— Ты знаешь, в «Таймс» все время пишут о том, какие ненасытные и жадные эти поселенцы, то есть мы, — сообщила мне Коки, приехав навестить меня в конце мая. — Как мы испортили колонию и пустили на ветер все, что нам якобы доверили. Но им все время приходится печатать карту Кении, прежде чем они начинают рассказ. — Она перевернула газету. — Иначе лондонцы вообще не поймут, где это.
— Это не имеет значения, — ответила я, чувствуя растерянность. — Никто не может дробить Африку или даже защитить ее. Она не принадлежит никому.
— Кроме африканцев, ты имеешь в виду? — спросила Коки.
— У них больше прав, чем у нас, — ответила я. — Хотя, может статься, мы все слишком много на себя берем, полагая, что нам принадлежит хотя бы малая доля.
— Ты собираешься домой? Об этом ты сейчас думаешь? — догадалась Коки.
— Я бы поехала, но как? — Я взглянула на луг, над которым медленно парил ястреб, точно небольшой самолет, скользящий по воздуху без всяких видимых усилий. — Если бы у меня были крылья. — Я глубоко вздохнула. Невысокая каменная стена, разрезающая ярко-зеленое поле, выглядела очаровательно. Местами она была разрушена, местами покрыта мхом. Я прогуливалась вдоль нее, не спеша, растирая пальцами хрустящие прошлогодние листья.
Я вспоминала Дениса и ночь в Кекопи. Он был нежен со мной, в нем не было ни капли фальши. Он смотрел мне в глаза и читал в моем сердце, в моей душе — для него не было тайн, кто я такая. Я тоже понимала его, понимала его суть и что на самом деле он не мог принадлежать никому. Однако это понимание мне нисколько не помогало. Сердце мое было разбито и кровоточило. Я все больше приходила к мысли, что ничто не поможет мне излечиться — только возвращение домой. И я должна была найти способ сделать это. Коки подошла ко мне и присела на край стены.
— Как ты раздобыла деньги? — спросила я ее. — На доктора?
— А зачем тебе знать? — удивилась она.
— Не знаю. — Я пожала плечами. — Пожалуйста, скажи.

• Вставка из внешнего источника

lemma integral_moment_class_quadratic:
  assumes "\<pi> \<in> moment_class \<mu> \<nu>"
  shows "(\<integral>q. a + b * q + c * q^2 \<partial>\<pi>) = a + b * \<mu> + c * \<nu>"
proof -
  interpret prob_space \<pi> using assms by (simp add: moment_class_def)
  have int_q: "integrable \<pi> (\<lambda>q. q)"
    by (rule integrable_moment_class_continuous[OF assms]) (intro continuous_intros)
  have int_q2: "integrable \<pi> (\<lambda>q. q^2)"
    by (rule integrable_moment_class_continuous[OF assms]) (intro continuous_intros)
  have "(\<integral>q. a + b * q + c * q^2 \<partial>\<pi>) = (\<integral>q. a + b * q \<partial>\<pi>) + (\<integral>q. c * q^2 \<partial>\<pi>)"
    using int_q int_q2 by (intro Bochner_Integration.integral_add) auto
  also have "(\<integral>q. a + b * q \<partial>\<pi>) = a + b * \<mu>"
    using int_q assms prob_space
    by (subst Bochner_Integration.integral_add) (auto simp: moment_class_def)
  also have "(\<integral>q. c * q^2 \<partial>\<pi>) = c * \<nu>" using assms by (simp add: moment_class_def)
  finally show ?thesis .
qed

lemma integral_moment_class_mono:
  fixes f g :: "real \<Rightarrow> real"
  assumes "\<pi> \<in> moment_class \<mu> \<nu>" "continuous_on UNIV f" "continuous_on UNIV g"
    and "\<And>q. 0 \<le> q \<Longrightarrow> q \<le> 1 \<Longrightarrow> f q \<le> g q"
  shows "(\<integral>q. f q \<partial>\<pi>) \<le> (\<integral>q. g q \<partial>\<pi>)"
  using integrable_moment_class_continuous[OF assms(1,2)]
    integrable_moment_class_continuous[OF assms(1,3)]
proof (rule integral_mono_AE)
  show "AE q in \<pi>. f q \<le> g q"
    using AE_moment_class_unit_interval[OF assms(1)] by eventually_elim (use assms(4) in auto)
qed

lemma continuous_on_P1: "continuous_on UNIV P1"
  unfolding P1_def by (intro continuous_intros)

lemma P1_integral_ge:
  assumes "\<pi> \<in> moment_class \<mu> \<nu>" "\<mu> \<noteq> 1"
  shows "\<nu> + 2 * (\<mu> - \<nu>)^2 / (1 - \<mu>) \<le> (\<integral>q. P1 q \<partial>\<pi>)"
proof -
  define t where "t = (\<mu> - \<nu>) / (1 - \<mu>)"
  have \<nu>_eq: "\<nu> = \<mu> - t * (1 - \<mu>)" using assms(2) unfolding t_def by simp
  have "\<nu> + 2 * (\<mu> - \<nu>)^2 / (1 - \<mu>) = - 2 * t^2 + (4 * t + 2 * t^2) * \<mu> + (1 - 4 * t) * \<nu>"
    using assms(2) unfolding \<nu>_eq by (simp add: field_simps power2_eq_square)
  also have "\<dots> = (\<integral>q. - 2 * t^2 + (4 * t + 2 * t^2) * q + (1 - 4 * t) * q^2 \<partial>\<pi>)"
    by (rule integral_moment_class_quadratic[OF assms(1), symmetric])
  also have "\<dots> \<le> (\<integral>q. P1 q \<partial>\<pi>)"
    by (rule integral_moment_class_mono[OF assms(1) _ continuous_on_P1])
      (intro continuous_intros, blast intro: P1_ge_quadratic_minorant)
  finally show ?thesis .
qed

lemma P1_integral_le:
  assumes "\<pi> \<in> moment_class \<mu> \<nu>" "\<mu> \<noteq> 0"
  shows "(\<integral>q. P1 q \<partial>\<pi>) \<le> 3 * \<nu> - 2 * \<nu>^2 / \<mu>"
proof -
  define u where "u = \<nu> / \<mu>"
  have "(\<integral>q. P1 q \<partial>\<pi>) \<le> (\<integral>q. 0 + 2 * u^2 * q + (3 - 4 * u) * q^2 \<partial>\<pi>)"
    by (rule integral_moment_class_mono[OF assms(1) continuous_on_P1])
      (intro continuous_intros, simp add: P1_le_quadratic_majorant)
  also have "\<dots> = 0 + 2 * u^2 * \<mu> + (3 - 4 * u) * \<nu>"
    by (rule integral_moment_class_quadratic[OF assms(1)])
  also have "\<dots> = 3 * \<nu> - 2 * \<nu>^2 / \<mu>"
    using assms(2) unfolding u_def by (simp add: field_simps power2_eq_square)
  finally show ?thesis .
qed

definition two_point :: "real \<Rightarrow> real \<Rightarrow> real \<Rightarrow> real measure" where
  "two_point w a c = distr (measure_pmf (bernoulli_pmf w)) borel (\<lambda>b. if b then a else c)"

lemma integral_two_point:
  fixes f :: "real \<Rightarrow> real"
  assumes "0 \<le> w" "w \<le> 1" "f \<in> borel_measurable borel"
  shows "(\<integral>q. f q \<partial>two_point w a c) = w * f a + (1 - w) * f c"
proof -
  have "(\<integral>q. f q \<partial>two_point w a c)
      = (\<integral>b. f (if b then a else c) \<partial>measure_pmf (bernoulli_pmf w))"
    unfolding two_point_def by (rule integral_distr) (use assms in auto)
  also have "\<dots> = w * f a + (1 - w) * f c" using assms by simp
  finally show ?thesis .
qed

lemma two_point_in_moment_class:
  assumes "0 \<le> w" "w \<le> 1" "a \<in> {0..1}" "c \<in> {0..1}"
    and "w * a + (1 - w) * c = \<mu>" "w * a^2 + (1 - w) * c^2 = \<nu>"
  shows "two_point w a c \<in> moment_class \<mu> \<nu>"
proof -
  have "prob_space (two_point w a c)" unfolding two_point_def
    by (rule prob_space.prob_space_distr) (auto simp: measure_pmf.prob_space_axioms)
  moreover have "measure (two_point w a c) {0..1} = 1"
    using integral_two_point[OF assms(1,2), of "indicator {0..1}" a c] assms(3,4)
    by (simp add: two_point_def measure_distr)
  ultimately show ?thesis unfolding moment_class_def using assms
    by (simp add: integral_two_point[of w "\<lambda>q. q"] integral_two_point[of w "\<lambda>q. q^2"])
      (simp add: two_point_def)
qed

— Фрэнк Грэсволд, — призналась она.
— Фрэнк? — Теперь уже удивилась я. Я знала его — это был старый друг из колонии, владелец конюшни. Отец хорошо знал его, когда я была еще ребенком. Мы с Коки случайно встретились с ним примерно месяц назад на одной из вечеринок в Лондоне. Вокруг него вилась целая стайка безупречно одетых лондонских «львиц». Казалось, он не проявил ко мне никакого интереса, ну разве что спросил, как там Клатт. А я и понятия не имела, как он.
— У Фрэнка доброе сердце, — заметила Коки.
— И полные карманы денег, — добавила я грустно.
— Если честно, Берил, одно не исключает другое, — поправила меня Коки. — Когда я рассказала ему, очень осторожно, в каком трудном положении ты оказалась, — продолжила она, — он просто настоял на том, что должен оказать помощь.
— Именно это ты имеешь в виду под словом «спонсор», — догадалась я. — А что он хочет взамен?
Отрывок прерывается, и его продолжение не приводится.